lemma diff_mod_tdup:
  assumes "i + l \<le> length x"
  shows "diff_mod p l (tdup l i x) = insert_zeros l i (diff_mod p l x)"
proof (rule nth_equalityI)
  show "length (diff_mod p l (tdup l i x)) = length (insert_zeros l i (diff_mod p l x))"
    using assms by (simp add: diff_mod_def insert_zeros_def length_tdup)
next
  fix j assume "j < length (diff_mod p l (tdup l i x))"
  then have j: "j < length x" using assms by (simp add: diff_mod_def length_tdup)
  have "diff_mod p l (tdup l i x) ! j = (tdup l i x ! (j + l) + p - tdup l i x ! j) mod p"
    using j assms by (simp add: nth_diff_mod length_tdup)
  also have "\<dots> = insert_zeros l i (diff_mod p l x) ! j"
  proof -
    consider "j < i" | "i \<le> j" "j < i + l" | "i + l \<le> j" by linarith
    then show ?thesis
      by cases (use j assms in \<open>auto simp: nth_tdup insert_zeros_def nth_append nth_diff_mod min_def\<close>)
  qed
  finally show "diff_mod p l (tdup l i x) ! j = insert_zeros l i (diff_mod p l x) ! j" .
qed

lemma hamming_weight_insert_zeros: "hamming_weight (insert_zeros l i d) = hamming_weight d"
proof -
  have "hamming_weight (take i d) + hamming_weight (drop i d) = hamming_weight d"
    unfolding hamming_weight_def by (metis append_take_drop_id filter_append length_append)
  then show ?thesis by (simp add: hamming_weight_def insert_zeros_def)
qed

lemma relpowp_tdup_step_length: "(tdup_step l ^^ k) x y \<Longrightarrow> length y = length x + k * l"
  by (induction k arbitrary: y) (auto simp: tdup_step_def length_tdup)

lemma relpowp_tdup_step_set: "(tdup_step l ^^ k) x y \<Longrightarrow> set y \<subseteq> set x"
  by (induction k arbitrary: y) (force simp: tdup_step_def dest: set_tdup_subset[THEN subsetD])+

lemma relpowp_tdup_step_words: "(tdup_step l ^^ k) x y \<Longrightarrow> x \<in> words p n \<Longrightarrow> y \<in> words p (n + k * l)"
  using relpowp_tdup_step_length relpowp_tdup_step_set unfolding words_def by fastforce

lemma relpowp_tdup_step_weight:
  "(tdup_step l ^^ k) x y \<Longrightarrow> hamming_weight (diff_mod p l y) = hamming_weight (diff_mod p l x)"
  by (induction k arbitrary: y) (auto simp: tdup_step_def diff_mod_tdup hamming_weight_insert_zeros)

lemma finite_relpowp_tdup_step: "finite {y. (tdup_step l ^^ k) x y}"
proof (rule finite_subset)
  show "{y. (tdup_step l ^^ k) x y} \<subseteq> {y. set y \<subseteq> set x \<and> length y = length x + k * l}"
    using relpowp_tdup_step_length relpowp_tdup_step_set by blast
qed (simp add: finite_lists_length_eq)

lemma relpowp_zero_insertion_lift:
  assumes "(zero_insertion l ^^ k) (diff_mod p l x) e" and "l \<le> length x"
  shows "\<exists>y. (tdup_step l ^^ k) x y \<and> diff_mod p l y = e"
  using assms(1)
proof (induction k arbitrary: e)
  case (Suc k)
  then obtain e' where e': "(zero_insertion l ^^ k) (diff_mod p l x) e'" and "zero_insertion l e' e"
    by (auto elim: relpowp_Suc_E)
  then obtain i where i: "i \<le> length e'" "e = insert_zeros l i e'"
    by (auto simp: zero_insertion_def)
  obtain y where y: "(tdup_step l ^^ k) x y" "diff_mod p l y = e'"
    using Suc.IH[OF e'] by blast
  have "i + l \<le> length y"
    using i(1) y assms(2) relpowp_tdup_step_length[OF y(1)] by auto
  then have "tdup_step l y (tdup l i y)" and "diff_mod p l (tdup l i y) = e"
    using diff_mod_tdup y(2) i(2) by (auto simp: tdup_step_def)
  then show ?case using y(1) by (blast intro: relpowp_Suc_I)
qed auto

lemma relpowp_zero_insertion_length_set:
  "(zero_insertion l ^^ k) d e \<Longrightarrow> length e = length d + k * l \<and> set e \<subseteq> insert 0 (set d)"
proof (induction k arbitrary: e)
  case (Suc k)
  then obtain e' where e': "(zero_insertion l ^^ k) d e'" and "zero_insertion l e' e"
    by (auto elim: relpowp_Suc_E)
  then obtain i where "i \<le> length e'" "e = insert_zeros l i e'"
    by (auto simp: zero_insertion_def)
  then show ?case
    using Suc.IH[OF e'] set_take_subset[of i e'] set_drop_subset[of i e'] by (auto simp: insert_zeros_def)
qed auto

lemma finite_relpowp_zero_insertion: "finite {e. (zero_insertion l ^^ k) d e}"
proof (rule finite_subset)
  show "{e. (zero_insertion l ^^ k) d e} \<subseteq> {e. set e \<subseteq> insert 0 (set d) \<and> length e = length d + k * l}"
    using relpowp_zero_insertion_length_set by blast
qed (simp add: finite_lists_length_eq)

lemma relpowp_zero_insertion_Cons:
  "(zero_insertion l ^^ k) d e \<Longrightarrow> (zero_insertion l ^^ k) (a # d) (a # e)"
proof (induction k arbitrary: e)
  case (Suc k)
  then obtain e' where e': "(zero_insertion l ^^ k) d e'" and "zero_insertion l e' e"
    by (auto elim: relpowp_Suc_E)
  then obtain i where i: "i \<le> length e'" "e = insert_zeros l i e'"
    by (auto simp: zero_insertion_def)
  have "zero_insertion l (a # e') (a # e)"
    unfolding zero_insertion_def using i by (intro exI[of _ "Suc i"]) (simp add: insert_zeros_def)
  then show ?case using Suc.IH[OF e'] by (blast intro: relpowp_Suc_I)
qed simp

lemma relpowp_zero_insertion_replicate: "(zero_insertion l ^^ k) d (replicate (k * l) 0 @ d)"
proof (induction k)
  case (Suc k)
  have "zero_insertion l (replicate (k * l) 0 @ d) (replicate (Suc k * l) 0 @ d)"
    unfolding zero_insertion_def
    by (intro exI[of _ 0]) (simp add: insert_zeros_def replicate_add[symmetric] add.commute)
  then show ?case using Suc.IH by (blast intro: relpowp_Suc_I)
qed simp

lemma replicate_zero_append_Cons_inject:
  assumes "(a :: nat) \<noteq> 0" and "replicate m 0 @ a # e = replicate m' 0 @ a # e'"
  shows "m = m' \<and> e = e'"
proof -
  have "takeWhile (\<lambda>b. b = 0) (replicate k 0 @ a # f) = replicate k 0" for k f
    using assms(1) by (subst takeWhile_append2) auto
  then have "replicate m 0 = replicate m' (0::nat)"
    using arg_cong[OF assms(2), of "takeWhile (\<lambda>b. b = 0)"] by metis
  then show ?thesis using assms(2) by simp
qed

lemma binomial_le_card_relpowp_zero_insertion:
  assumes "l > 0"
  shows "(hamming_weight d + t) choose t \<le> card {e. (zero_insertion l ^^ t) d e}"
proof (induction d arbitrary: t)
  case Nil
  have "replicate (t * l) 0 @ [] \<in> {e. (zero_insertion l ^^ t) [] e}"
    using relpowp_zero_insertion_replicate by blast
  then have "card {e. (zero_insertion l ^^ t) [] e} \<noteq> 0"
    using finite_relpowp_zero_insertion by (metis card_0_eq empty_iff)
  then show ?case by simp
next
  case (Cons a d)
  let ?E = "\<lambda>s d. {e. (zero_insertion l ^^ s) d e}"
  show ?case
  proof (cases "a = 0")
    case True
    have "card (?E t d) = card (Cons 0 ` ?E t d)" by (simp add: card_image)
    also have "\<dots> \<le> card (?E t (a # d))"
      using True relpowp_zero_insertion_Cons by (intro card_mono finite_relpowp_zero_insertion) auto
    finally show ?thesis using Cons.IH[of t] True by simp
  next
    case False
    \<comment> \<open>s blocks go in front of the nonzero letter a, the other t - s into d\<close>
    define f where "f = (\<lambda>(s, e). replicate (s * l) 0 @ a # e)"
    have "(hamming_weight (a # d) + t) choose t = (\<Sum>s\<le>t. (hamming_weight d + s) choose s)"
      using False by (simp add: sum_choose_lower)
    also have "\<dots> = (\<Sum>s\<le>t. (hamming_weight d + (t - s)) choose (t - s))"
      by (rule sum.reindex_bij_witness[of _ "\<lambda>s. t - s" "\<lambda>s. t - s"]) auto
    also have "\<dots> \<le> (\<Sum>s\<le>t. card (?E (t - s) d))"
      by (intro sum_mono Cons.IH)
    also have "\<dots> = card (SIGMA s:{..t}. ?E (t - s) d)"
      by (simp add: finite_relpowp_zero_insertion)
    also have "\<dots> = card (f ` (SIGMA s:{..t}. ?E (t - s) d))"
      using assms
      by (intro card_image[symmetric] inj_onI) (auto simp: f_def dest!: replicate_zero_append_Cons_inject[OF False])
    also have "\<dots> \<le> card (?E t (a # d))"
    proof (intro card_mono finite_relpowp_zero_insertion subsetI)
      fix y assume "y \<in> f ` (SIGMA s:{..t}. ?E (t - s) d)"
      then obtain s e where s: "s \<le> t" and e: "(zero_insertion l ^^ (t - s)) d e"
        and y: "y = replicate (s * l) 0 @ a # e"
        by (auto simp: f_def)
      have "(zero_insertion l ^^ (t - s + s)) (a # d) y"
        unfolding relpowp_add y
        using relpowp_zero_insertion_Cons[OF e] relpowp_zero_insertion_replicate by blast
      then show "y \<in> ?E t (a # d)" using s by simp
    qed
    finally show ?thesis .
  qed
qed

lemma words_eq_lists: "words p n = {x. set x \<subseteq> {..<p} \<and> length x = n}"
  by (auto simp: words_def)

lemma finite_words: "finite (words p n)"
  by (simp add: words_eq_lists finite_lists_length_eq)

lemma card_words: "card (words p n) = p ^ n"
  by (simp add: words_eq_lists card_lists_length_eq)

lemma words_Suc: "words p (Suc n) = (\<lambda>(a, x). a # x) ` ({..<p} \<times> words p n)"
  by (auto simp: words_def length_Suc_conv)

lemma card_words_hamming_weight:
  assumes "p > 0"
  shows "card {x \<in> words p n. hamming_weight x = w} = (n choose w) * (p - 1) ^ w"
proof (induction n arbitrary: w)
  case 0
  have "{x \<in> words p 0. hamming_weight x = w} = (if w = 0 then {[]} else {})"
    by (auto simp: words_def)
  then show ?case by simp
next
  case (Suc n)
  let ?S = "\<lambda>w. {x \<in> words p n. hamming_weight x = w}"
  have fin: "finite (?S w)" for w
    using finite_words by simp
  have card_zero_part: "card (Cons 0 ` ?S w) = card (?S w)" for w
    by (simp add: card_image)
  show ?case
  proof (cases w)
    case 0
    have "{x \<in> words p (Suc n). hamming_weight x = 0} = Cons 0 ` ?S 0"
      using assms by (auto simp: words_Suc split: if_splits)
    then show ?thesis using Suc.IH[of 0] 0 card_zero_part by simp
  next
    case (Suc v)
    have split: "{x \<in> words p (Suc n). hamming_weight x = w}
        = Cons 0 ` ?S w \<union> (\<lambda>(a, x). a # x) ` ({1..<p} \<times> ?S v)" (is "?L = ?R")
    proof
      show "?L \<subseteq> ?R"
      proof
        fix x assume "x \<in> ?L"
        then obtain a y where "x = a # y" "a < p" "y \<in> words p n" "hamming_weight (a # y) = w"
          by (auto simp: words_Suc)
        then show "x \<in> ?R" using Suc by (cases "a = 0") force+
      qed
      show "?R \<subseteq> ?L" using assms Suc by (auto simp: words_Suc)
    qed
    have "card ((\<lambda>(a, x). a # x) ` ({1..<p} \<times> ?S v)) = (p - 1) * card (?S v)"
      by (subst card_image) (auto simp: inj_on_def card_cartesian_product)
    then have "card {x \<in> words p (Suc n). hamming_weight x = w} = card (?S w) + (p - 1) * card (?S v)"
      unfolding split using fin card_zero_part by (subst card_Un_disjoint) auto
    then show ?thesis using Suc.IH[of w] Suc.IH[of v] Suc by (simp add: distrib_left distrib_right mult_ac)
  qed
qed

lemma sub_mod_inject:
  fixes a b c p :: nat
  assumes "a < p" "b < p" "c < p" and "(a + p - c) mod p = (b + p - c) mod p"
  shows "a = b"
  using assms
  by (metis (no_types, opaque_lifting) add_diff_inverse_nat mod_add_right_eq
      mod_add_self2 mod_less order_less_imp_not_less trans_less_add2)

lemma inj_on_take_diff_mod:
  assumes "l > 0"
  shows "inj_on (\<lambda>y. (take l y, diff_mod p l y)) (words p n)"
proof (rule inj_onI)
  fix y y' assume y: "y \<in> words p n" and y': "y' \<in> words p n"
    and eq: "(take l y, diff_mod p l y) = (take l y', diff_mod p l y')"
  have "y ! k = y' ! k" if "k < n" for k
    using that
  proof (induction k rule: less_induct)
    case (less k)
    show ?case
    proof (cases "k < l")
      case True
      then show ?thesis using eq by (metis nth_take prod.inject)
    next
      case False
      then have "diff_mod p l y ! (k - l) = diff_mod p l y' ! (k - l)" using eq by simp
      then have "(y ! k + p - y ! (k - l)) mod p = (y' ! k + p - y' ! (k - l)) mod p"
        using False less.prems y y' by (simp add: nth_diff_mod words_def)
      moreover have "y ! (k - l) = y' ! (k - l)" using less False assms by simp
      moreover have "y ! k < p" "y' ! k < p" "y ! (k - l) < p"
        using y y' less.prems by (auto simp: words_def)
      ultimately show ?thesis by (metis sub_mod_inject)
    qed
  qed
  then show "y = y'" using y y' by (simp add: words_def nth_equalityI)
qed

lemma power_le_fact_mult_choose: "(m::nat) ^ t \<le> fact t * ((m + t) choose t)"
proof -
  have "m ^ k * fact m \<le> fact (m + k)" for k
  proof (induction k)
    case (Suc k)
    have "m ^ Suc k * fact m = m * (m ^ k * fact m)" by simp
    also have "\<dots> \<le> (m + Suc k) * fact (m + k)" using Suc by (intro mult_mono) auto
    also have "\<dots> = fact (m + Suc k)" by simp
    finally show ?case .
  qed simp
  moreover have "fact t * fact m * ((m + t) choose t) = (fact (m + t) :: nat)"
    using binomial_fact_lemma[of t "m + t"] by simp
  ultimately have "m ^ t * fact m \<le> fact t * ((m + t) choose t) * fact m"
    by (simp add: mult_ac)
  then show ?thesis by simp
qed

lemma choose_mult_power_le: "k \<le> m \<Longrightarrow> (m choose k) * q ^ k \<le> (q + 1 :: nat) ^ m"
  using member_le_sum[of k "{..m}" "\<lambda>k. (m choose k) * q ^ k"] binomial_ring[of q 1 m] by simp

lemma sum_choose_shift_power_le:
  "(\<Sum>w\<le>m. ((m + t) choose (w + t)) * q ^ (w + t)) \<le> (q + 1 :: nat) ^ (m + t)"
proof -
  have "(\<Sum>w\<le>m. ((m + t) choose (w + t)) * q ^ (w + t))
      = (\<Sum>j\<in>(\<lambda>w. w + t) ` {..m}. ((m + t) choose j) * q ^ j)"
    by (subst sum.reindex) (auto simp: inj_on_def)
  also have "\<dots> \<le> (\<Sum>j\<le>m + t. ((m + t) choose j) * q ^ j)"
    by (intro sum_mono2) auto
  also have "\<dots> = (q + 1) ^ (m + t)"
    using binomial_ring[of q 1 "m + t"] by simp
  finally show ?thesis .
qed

***

* _Task details_:
Return every line of the preceding records in which the word "finally" appears.

* _Problem solution_:
  finally show "diff_mod p l (tdup l i x) ! j = insert_zeros l i (diff_mod p l x) ! j" .
    finally show ?thesis using Cons.IH[of t] True by simp
    finally show ?thesis .
    finally show ?case .
  finally show ?thesis .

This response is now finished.